YOUR OBJECTIVE
Give the count of lines below that include the word "unfolding", and say nothing else.

(Saved entries)
lemma lm_dir_equation:
  assumes "0 < \<mu>"
  shows "G x *v (transpose (G x) *v lm_dir G h x \<mu>) + \<mu> *\<^sub>R lm_dir G h x \<mu> = - grad_psi G h x"
proof -
  let ?M = "G x ** transpose (G x) + \<mu> *\<^sub>R mat 1"
  have "?M *v lm_dir G h x \<mu> = - grad_psi G h x"
    using matrix_mul_matrix_inv[OF invertible_lm_matrix[OF assms, of "G x"]]
    by (simp add: lm_dir_def grad_psi_def matrix_vector_mul_assoc)
  then show ?thesis
    by (simp only: lm_matrix_mult_vec)
qed

lemma lm_dir_nonzero:
  assumes "0 < \<mu>" and "grad_psi G h x \<noteq> 0"
  shows "lm_dir G h x \<mu> \<noteq> 0"
  using lm_dir_equation[OF assms(1), of G x h] assms(2) by auto

lemma inner_lm_dir_grad_psi:
  assumes "0 < \<mu>"
  shows "- inner (lm_dir G h x \<mu>) (grad_psi G h x)
    = (norm (transpose (G x) *v lm_dir G h x \<mu>))\<^sup>2 + \<mu> * (norm (lm_dir G h x \<mu>))\<^sup>2"
proof -
  have "- inner (lm_dir G h x \<mu>) (grad_psi G h x)
      = inner (lm_dir G h x \<mu>) ((G x ** transpose (G x) + \<mu> *\<^sub>R mat 1) *v lm_dir G h x \<mu>)"
    unfolding lm_matrix_mult_vec lm_dir_equation[OF assms] by simp
  then show ?thesis
    by (simp only: inner_lm_matrix_mult_vec)
qed

lemma lm_predicted_reduction:
  assumes "0 < \<mu>"
  shows "qmodel G h x 0 - qmodel G h x (lm_dir G h x \<mu>)
    = (norm (transpose (G x) *v lm_dir G h x \<mu>))\<^sup>2 / 2 + \<mu> * (norm (lm_dir G h x \<mu>))\<^sup>2"
proof -
  define d where "d = lm_dir G h x \<mu>"
  define a where "a = transpose (G x) *v d"
  have "inner a (h x) = inner d (grad_psi G h x)"
    by (simp add: a_def grad_psi_def inner_transpose_mult_vec)
  moreover have "- inner d (grad_psi G h x) = (norm a)\<^sup>2 + \<mu> * (norm d)\<^sup>2"
    using inner_lm_dir_grad_psi[OF assms, of G h x] unfolding a_def d_def .
  moreover have "qmodel G h x d = ((norm a)\<^sup>2 + 2 * inner a (h x) + (norm (h x))\<^sup>2) / 2"
    unfolding qmodel_def a_def[symmetric]
    by (simp add: power2_norm_eq_inner inner_add_left inner_add_right inner_commute)
  moreover have "qmodel G h x 0 = (norm (h x))\<^sup>2 / 2"
    by (simp add: qmodel_def)
  ultimately show ?thesis
    unfolding d_def[symmetric] a_def[symmetric] by (simp add: field_simps)
qed

lemma qmodel_lm_dir_le:
  assumes "0 < \<mu>"
  shows "qmodel G h x (lm_dir G h x \<mu>) \<le> qmodel G h x 0"
proof -
  have "0 \<le> (norm (transpose (G x) *v lm_dir G h x \<mu>))\<^sup>2 / 2 + \<mu> * (norm (lm_dir G h x \<mu>))\<^sup>2"
    using assms by simp
  then show ?thesis
    using lm_predicted_reduction[OF assms, of G h x] by linarith
qed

YOUR RESPONSE
4